Statistical inference’s raison d’etre is detecting signal from noise. More precisely, statistical inference is used to determine if there is enough evidence to detect an effect or determine the location of a parameter in the presence of “noise”, or random effects.
Suppose a researcher is trying to determine if a new drug under study lowers blood pressure. The researcher randomly assigns study participants to control and treatment groups. He stores his results in R vectors like so:
control <- c(124, 155, 120, 116)
treatment <- c(120, 108, 132, 112)
Is there a difference beteen control and treatment? Let’s check.
mean(treatment) - mean(control)
## [1] -10.75
A difference of -10.75 looks promising, but there is lots of variation in the data. Is a difference of -10.75 large enough to conclude there is a difference?
Suppose not.

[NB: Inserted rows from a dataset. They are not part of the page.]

lemma cinner_minus_left: "cinner (- x) y = - cinner x y"
  using cinner_add_left[of x "-x" y] by (simp add: add_eq_0_iff2)

lemma cinner_minus_right: "cinner x (- y) = - cinner x y"
  by (metis cinner_commute cinner_minus_left complex_cnj_minus)

lemma cinner_diff_left: "cinner (x - y) z = cinner x z - cinner y z"
  by (simp only: diff_conv_add_uminus cinner_add_left cinner_minus_left)

lemma cinner_diff_right: "cinner x (y - z) = cinner x y - cinner x z"
  by (simp only: diff_conv_add_uminus cinner_add_right cinner_minus_right)

lemma cinner_eq_zero_commute: "cinner x y = 0 \<longleftrightarrow> cinner y x = 0"
  by (metis cinner_commute complex_cnj_zero)

lemma cinner_self_eq_0 [simp]: "cinner x x = 0 \<longleftrightarrow> x = 0"
  using cinner_eq_zero by auto

lemma cinner_self_cnorm: "cinner x x = complex_of_real ((cnorm x)\<^sup>2)"
proof -
  have "cinner x x \<in> \<real>"
    using cinner_commute[of x x] by (simp add: Reals_cnj_iff)
  thus ?thesis unfolding cnorm_def using cinner_nonneg[of x] by (simp add: complex_is_Real_iff)
qed

lemma cnorm_sq: "(cnorm x)\<^sup>2 = Re (cinner x x)"
  by (simp add: cinner_self_cnorm)

lemma cnorm_nonneg: "0 \<le> cnorm x"
  unfolding cnorm_def using cinner_nonneg[of x] by simp

lemma cnorm_eq_0 [simp]: "cnorm x = 0 \<longleftrightarrow> x = 0"
  by (metis cinner_self_cnorm cinner_self_eq_0 of_real_eq_0_iff zero_eq_power2)

lemma cnorm_zero [simp]: "cnorm 0 = 0"
  by simp

lemma cnorm_pos: "x \<noteq> 0 \<Longrightarrow> 0 < (cnorm x)\<^sup>2"
  using cnorm_eq_0 by simp

lemma cnorm_minus: "cnorm (- x) = cnorm x"
  unfolding cnorm_def by (simp add: cinner_minus_left cinner_minus_right)

lemma cnorm_diff_commute: "cnorm (x - y) = cnorm (y - x)"
  using cnorm_minus[of "x - y"] by simp

lemma cnorm_sq_add: "(cnorm (x + y))\<^sup>2 = (cnorm x)\<^sup>2 + (cnorm y)\<^sup>2 + 2 * Re (cinner x y)"
proof -
  have "cinner (x + y) (x + y) = cinner x x + cinner y y + (cinner x y + cnj (cinner x y))"
    by (simp add: cinner_add_left cinner_add_right cinner_commute[of y x])
  thus ?thesis by (simp add: cnorm_sq)
qed

lemma parallelogram_law:
  "(cnorm (x + y))\<^sup>2 + (cnorm (x - y))\<^sup>2 = 2 * (cnorm x)\<^sup>2 + 2 * (cnorm y)\<^sup>2"
  using cnorm_sq_add[of x y] cnorm_sq_add[of x "- y"] by (simp add: cnorm_minus cinner_minus_right)

lemma cnorm_sq_add_le: "(cnorm (x + y))\<^sup>2 \<le> 2 * (cnorm x)\<^sup>2 + 2 * (cnorm y)\<^sup>2"
  using parallelogram_law[of x y] by (smt (verit) zero_le_power2)

lemma cnorm_scaleC: "cnorm (a *\<^sub>C x) = cmod a * cnorm x"
proof -
  have "cinner (a *\<^sub>C x) (a *\<^sub>C x) = (a * cnj a) * cinner x x"
    by (simp add: cinner_scaleC_left cinner_scaleC_right)
  also have "\<dots> = complex_of_real ((cmod a)\<^sup>2 * (cnorm x)\<^sup>2)"
    by (simp only: complex_norm_square[symmetric] cinner_self_cnorm of_real_mult)
  finally have "(cnorm (a *\<^sub>C x))\<^sup>2 = (cmod a * cnorm x)\<^sup>2"
    by (simp add: cnorm_sq power_mult_distrib)
  thus ?thesis by (simp add: cnorm_nonneg power2_eq_iff_nonneg)
qed

lemma cnorm_sq_diff_line_projection:
  assumes "y \<noteq> 0"
  shows "(cnorm (x - (cinner x y / cinner y y) *\<^sub>C y))\<^sup>2 = (cnorm x)\<^sup>2 - (cmod (cinner x y))\<^sup>2 / (cnorm y)\<^sup>2"
proof -
  define a n where "a = cinner x y" and "n = (cnorm y)\<^sup>2"
  define c where "c = a / complex_of_real n"
  have yy: "cinner y y = complex_of_real n" unfolding n_def by (rule cinner_self_cnorm)
  have nz: "complex_of_real n \<noteq> 0" using cnorm_pos[OF assms] unfolding n_def by simp
  have expand: "cinner (x - c *\<^sub>C y) (x - c *\<^sub>C y)
      = cinner x x - cnj c * a - c * cnj a + c * cnj c * complex_of_real n"
    by (simp add: cinner_diff_left cinner_diff_right cinner_scaleC_left cinner_scaleC_right
        yy cinner_commute[of y x] a_def[symmetric] algebra_simps)
  have terms: "cnj c * a = a * cnj a / complex_of_real n" "c * cnj a = a * cnj a / complex_of_real n"
    "c * cnj c * complex_of_real n = a * cnj a / complex_of_real n"
    using nz unfolding c_def by (simp_all add: field_simps)
  have "a * cnj a = complex_of_real ((cmod a)\<^sup>2)"
    by (rule complex_norm_square[symmetric])
  hence "cinner (x - c *\<^sub>C y) (x - c *\<^sub>C y) = cinner x x - complex_of_real ((cmod a)\<^sup>2 / n)"
    unfolding expand terms by simp
  hence "(cnorm (x - c *\<^sub>C y))\<^sup>2 = (cnorm x)\<^sup>2 - (cmod a)\<^sup>2 / n"
    by (simp add: cnorm_sq)
  moreover have "c = cinner x y / cinner y y"
    unfolding c_def a_def yy ..
  ultimately show ?thesis unfolding a_def n_def by simp
qed

lemma cauchy_schwarz: "cmod (cinner x y) \<le> cnorm x * cnorm y"
proof (cases "y = 0")
  case False
  have "(cmod (cinner x y))\<^sup>2 / (cnorm y)\<^sup>2 \<le> (cnorm x)\<^sup>2"
    using cnorm_sq_diff_line_projection[OF False, of x] by (smt (verit) zero_le_power2)
  hence "(cmod (cinner x y))\<^sup>2 \<le> (cnorm x * cnorm y)\<^sup>2"
    using cnorm_pos[OF False] by (simp add: divide_le_eq power_mult_distrib)
  thus ?thesis using cnorm_nonneg[of x] cnorm_nonneg[of y]
    by (meson mult_nonneg_nonneg power2_le_imp_le)
qed simp

lemma cnorm_triangle: "cnorm (x + y) \<le> cnorm x + cnorm y"
proof -
  have "Re (cinner x y) \<le> cnorm x * cnorm y"
    using cauchy_schwarz[of x y] abs_Re_le_cmod[of "cinner x y"] by linarith
  hence "(cnorm (x + y))\<^sup>2 \<le> (cnorm x + cnorm y)\<^sup>2"
    by (simp add: cnorm_sq_add power2_sum)
  thus ?thesis using cnorm_nonneg[of x] cnorm_nonneg[of y]
    by (meson add_nonneg_nonneg power2_le_imp_le)
qed

lemma cnorm_reverse_triangle: "\<bar>cnorm x - cnorm y\<bar> \<le> cnorm (x - y)"
  using cnorm_triangle[of "x - y" y] cnorm_triangle[of "y - x" x] cnorm_diff_commute[of x y]
  by simp

section \<open>Closed subspaces and orthogonal complements\<close>

lemma closed_subspace_zero: "closed_subspace M \<Longrightarrow> 0 \<in> M"
  unfolding closed_subspace_def by blast

lemma closed_subspace_add: "closed_subspace M \<Longrightarrow> x \<in> M \<Longrightarrow> y \<in> M \<Longrightarrow> x + y \<in> M"
  unfolding closed_subspace_def by blast

lemma closed_subspace_scaleC: "closed_subspace M \<Longrightarrow> x \<in> M \<Longrightarrow> a *\<^sub>C x \<in> M"
  unfolding closed_subspace_def by blast

lemma closed_subspace_diff:
  assumes "closed_subspace M" "x \<in> M" "y \<in> M"
  shows "x - y \<in> M"
  using closed_subspace_add[OF assms(1,2) closed_subspace_scaleC[OF assms(1,3), of "-1"]]
  by (simp add: scaleC_minus_one)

Let’s assume that the treatment had no effect, and the observed difference is due only to the random assignment to control and treatment groups. If that were the case, other random assignment schemes would have differences just as or even more extreme than the one observed.
Let’s investigate this possibility. We will use the combn()
function to find all possible combinations of assigning individuals to the treatment group, with the rest going to the control group. combn(vec, n)
will find all ways to choose n
elements from vec
, storing the result in a matrix with each column representing one possible combination. We will assume that we will be pooling the control and treatment groups into a single vector with 8 elements.
# Find all ways to choose the four indices that will represent a new random
# assignment to the treatment group. This is all we need to know to
# determine who is assigned to both control and treatment.
assn <- combn(1:(length(control) + length(treatment)), 4)
# Look at the result
assn[, 1:4]
## [,1] [,2] [,3] [,4]
## [1,] 1 1 1 1
## [2,] 2 2 2 2
## [3,] 3 3 3 3
## [4,] 4 5 6 7
# How many combinations are possible?
ncol(assn)
## [1] 70
Now, let’s actually investigate the difference and determine if it is “large”.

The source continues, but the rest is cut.